As the answer, set down the lines below from the one containing "four identities are" through the one containing "section \<open>The algebra", exactly and inclusively, and no others.

[Stored entries]

########

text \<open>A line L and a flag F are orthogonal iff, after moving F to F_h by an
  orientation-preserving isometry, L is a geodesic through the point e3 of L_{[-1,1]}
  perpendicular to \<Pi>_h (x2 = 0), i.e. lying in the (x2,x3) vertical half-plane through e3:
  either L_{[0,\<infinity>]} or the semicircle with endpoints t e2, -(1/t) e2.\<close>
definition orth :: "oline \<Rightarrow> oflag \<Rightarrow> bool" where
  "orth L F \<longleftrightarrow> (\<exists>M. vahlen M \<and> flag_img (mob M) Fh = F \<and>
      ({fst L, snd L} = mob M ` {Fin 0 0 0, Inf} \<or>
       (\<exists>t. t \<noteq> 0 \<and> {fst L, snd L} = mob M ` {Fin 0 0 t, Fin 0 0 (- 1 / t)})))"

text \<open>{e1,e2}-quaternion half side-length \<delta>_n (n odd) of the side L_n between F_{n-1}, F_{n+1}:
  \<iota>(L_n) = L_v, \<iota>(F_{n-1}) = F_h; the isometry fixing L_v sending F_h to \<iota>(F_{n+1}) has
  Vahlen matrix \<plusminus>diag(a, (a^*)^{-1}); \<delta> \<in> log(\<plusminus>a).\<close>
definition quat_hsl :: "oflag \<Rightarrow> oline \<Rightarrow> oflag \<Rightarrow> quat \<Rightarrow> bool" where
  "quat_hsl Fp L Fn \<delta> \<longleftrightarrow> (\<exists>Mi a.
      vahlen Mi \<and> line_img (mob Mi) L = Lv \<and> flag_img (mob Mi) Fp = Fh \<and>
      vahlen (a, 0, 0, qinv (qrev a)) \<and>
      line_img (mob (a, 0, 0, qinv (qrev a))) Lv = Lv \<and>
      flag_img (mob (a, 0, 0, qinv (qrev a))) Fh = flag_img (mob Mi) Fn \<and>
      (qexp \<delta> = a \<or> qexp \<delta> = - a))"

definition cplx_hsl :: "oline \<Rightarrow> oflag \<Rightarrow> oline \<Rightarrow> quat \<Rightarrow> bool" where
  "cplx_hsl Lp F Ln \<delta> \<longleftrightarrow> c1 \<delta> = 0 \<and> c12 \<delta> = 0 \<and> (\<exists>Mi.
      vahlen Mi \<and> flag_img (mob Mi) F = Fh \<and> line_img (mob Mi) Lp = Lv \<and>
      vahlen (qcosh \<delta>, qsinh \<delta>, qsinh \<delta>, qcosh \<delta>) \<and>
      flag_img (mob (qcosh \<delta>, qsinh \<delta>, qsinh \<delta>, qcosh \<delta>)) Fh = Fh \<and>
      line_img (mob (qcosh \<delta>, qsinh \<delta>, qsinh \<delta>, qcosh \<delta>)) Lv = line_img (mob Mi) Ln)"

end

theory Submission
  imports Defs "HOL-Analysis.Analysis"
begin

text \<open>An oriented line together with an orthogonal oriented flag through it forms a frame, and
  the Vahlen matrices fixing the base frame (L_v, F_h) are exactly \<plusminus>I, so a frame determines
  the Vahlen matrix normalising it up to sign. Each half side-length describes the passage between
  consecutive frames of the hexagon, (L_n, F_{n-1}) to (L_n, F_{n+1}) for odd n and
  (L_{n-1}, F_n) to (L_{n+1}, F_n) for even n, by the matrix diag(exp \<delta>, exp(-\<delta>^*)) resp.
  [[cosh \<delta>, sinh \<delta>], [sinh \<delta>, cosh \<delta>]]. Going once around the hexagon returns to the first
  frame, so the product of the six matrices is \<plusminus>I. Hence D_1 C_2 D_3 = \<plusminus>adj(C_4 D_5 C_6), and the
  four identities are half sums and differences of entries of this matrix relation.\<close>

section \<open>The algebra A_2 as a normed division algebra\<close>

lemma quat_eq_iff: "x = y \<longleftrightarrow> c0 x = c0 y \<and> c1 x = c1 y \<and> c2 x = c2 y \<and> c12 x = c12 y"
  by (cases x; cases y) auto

########

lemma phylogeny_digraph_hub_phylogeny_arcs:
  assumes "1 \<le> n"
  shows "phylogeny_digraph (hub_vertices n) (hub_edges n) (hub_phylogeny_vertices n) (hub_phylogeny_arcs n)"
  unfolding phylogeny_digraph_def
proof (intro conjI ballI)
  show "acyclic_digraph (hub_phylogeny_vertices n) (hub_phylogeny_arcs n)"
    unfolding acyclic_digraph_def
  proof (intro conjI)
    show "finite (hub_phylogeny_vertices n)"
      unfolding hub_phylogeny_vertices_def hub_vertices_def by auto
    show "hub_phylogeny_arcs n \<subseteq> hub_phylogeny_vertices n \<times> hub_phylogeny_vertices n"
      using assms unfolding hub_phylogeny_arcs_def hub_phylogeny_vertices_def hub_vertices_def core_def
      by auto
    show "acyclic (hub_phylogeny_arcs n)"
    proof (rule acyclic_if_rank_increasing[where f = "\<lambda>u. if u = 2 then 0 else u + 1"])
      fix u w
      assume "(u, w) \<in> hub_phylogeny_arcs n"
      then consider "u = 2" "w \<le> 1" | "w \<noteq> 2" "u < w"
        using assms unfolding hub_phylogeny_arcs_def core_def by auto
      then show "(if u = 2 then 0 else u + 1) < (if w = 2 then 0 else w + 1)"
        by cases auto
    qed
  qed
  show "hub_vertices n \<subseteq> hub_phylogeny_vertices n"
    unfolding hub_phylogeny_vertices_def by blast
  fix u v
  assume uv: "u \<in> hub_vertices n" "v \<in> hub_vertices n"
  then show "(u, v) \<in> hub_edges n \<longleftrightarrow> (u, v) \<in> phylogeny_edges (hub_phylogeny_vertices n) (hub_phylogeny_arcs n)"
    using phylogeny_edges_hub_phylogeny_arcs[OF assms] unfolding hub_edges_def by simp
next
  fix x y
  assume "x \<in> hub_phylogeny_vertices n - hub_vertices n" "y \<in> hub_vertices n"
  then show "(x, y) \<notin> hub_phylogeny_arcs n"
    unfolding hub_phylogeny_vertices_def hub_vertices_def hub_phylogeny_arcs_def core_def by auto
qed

########

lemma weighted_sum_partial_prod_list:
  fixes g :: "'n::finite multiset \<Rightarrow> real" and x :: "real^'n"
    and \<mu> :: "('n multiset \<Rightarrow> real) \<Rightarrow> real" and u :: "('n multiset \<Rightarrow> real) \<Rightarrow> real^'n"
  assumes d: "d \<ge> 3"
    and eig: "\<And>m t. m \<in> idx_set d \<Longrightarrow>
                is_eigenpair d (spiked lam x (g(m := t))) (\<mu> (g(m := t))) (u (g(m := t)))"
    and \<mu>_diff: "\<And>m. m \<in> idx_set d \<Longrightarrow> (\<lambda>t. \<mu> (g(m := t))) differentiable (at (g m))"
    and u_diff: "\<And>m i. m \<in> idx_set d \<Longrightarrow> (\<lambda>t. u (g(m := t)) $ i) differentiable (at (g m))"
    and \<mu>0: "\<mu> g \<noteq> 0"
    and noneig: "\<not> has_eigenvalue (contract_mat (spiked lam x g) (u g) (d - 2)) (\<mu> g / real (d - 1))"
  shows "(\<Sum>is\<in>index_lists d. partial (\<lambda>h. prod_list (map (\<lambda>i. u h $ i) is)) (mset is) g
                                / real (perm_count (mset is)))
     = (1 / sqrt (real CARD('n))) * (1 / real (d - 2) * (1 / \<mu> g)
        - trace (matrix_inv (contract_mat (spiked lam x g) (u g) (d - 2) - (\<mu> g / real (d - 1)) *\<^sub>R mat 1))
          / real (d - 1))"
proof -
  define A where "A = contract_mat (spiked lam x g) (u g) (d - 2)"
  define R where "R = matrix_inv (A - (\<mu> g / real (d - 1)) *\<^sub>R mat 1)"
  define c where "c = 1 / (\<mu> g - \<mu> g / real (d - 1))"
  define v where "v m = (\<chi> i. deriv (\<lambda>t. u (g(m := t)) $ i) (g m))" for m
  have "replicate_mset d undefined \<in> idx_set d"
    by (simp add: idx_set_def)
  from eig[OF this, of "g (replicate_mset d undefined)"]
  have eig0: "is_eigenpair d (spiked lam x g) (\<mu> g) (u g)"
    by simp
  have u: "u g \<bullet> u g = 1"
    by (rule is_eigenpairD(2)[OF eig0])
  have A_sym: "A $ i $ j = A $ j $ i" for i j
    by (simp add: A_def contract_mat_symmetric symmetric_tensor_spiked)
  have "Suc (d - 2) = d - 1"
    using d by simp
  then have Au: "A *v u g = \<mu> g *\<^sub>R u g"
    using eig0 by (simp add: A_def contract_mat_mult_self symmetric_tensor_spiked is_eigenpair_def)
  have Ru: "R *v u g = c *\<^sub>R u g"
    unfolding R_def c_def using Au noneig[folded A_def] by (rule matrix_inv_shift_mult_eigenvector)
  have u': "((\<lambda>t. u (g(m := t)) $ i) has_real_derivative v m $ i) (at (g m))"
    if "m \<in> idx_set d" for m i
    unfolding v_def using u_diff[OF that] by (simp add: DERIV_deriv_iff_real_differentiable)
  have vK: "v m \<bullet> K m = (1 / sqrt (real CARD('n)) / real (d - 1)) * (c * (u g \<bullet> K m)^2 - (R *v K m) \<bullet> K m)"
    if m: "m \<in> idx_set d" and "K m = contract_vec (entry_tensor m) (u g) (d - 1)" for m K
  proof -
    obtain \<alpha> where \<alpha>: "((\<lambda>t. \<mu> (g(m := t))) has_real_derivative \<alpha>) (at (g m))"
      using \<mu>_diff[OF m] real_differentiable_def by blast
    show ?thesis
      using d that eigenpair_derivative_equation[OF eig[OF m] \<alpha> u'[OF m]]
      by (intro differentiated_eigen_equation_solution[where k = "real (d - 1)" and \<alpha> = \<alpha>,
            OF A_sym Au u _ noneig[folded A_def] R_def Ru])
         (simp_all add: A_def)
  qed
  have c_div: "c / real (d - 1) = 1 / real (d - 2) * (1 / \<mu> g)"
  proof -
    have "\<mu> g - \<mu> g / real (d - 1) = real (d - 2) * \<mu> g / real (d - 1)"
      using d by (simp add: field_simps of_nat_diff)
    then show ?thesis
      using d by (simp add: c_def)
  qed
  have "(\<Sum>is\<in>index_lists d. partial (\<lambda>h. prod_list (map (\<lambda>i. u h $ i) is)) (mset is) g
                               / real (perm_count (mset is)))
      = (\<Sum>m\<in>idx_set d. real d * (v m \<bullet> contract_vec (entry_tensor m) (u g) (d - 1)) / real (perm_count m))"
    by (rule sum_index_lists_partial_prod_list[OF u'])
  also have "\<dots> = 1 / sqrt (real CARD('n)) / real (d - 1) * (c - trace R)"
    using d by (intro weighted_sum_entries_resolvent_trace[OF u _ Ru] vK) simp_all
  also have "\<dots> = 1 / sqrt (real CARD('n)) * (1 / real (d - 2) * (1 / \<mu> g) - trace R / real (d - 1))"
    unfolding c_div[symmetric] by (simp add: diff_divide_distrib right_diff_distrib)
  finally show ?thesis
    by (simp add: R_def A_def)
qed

########

### EXERCISE OUTPUT:
  four identities are half sums and differences of entries of this matrix relation.\<close>

section \<open>The algebra A_2 as a normed division algebra\<close>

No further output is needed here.